Celebrity Chef Curtis Stone shines the spotlight on Aussie produce
CELEBRITY chef Curtis Stone is heading back to Australia to meet our best food producers in the hope of finding fresh inspiration for his top LA restaurants.
HIS Beverly Hills restaurant has been named in the top 50 places to eat in the world. And now celebrity chef Curtis Stone will use his swanky LA eatery, Maude, to showcase Australian produce, which he believes to be the best in the world.
Maude is already unique in that its seasonal 10-course menu changes month by month.
This week Stone set off on a road trip around parts of Australia to talk with Australian Beef producers, visit farms and get off the beaten track to taste some bush tucker.
His hope is that some of the produce he sees will inspire a new menu at Maude.
“Australian produce is amazing, it’s totally world class,” Stone tells BW Magazine.

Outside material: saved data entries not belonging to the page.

definition muPL_trans :: "('x \<Rightarrow> 'a \<Rightarrow> 'x) \<Rightarrow> 'x set \<Rightarrow> 'a list set set \<Rightarrow> 'a list \<Rightarrow> 'a list set set" where
  "muPL_trans \<delta> c \<U> u = {cls \<delta> c w | w. cls \<delta> c (w @ rev u) \<in> \<U>}"

definition muPL_final :: "('x \<Rightarrow> 'a \<Rightarrow> 'x) \<Rightarrow> 'x set \<Rightarrow> 'a list set set set" where
  "muPL_final \<delta> c = {\<U>. \<U> \<subseteq> quot \<delta> c \<and> cls \<delta> c [] \<in> \<U>}"

definition muPL_lang :: "('x \<Rightarrow> 'a \<Rightarrow> 'x) \<Rightarrow> 'x set \<Rightarrow> 'a list set set \<Rightarrow> 'a list set" where
  "muPL_lang \<delta> c \<U> = {u. cls \<delta> c [] \<in> muPL_trans \<delta> c \<U> u}"

definition lderiv :: "'a \<Rightarrow> 'a list set \<Rightarrow> 'a list set" where
  "lderiv a U = {w. a # w \<in> U}"

definition rderiv :: "'a \<Rightarrow> 'a list set \<Rightarrow> 'a list set" where
  "rderiv a U = {w. w @ [a] \<in> U}"

definition is_atom :: "'b set set \<Rightarrow> 'b set \<Rightarrow> bool" where
  "is_atom B A \<longleftrightarrow> A \<in> B \<and> A \<noteq> {} \<and> (\<forall>V \<in> B. V \<subseteq> A \<longrightarrow> V = {} \<or> V = A)"

definition complete_atomic_boolean_subalgebra :: "'b set set \<Rightarrow> bool" where
  "complete_atomic_boolean_subalgebra B \<longleftrightarrow>
     (\<forall>S \<subseteq> B. \<Union>S \<in> B) \<and>
     (\<forall>S \<subseteq> B. \<Inter>S \<in> B) \<and>
     (\<forall>U \<in> B. - U \<in> B) \<and>
     (\<forall>U \<in> B. U = \<Union>{A. is_atom B A \<and> A \<subseteq> U})"

definition preformation :: "'a list set set \<Rightarrow> bool" where
  "preformation B \<longleftrightarrow> complete_atomic_boolean_subalgebra B \<and>
     (\<forall>U \<in> B. \<forall>a. lderiv a U \<in> B \<and> rderiv a U \<in> B)"

end

theory Submission
  imports Defs
begin

text \<open>Since \<open>\<langle>c\<rangle>\<close> is closed under \<open>hat_delta\<close>, the relation \<open>\<approx>\<close> is a congruence of the free
  monoid; hence \<open>[w] \<in> \<sigma>(\<U>)(u)\<close> iff \<open>[w u\<^sup>r] \<in> \<U>\<close>, and in particular
  \<open>L(\<U>) = {u. [u\<^sup>r] \<in> \<U>}\<close>. So \<open>L\<close> is the inverse image along the surjection \<open>u \<mapsto> [u\<^sup>r]\<close>:
  an injective complete Boolean homomorphism whose image is the family of languages saturated
  for the congruence \<open>u \<sim> v \<longleftrightarrow> u\<^sup>r \<approx> v\<^sup>r\<close>. The saturated sets of any equivalence form a
  complete atomic Boolean algebra whose atoms are the classes, and a congruence makes them
  closed under left and right derivatives.\<close>

definition saturated_sets :: "'b rel \<Rightarrow> 'b set set" where
  "saturated_sets R = {A. (\<lambda>x. x \<in> A) respects R}"

lemma saturated_sets_iff:
  "A \<in> saturated_sets R \<longleftrightarrow> (\<forall>x y. (x, y) \<in> R \<longrightarrow> x \<in> A \<longleftrightarrow> y \<in> A)"
  unfolding saturated_sets_def congruent_def by auto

“We’re going to go out with Aboriginal guides and foragers and visit some beef farms that have sparked my interest over in Western Australia.
“In the past at Maude we have taken one ingredient to be the central focus of the menu and developed a 10-course menu around it. This year we changed the concept to be a region, like a wine region. I want to go back to LA and show them the quality of what we have in Australia, I’m really excited to introduce that Australian element.”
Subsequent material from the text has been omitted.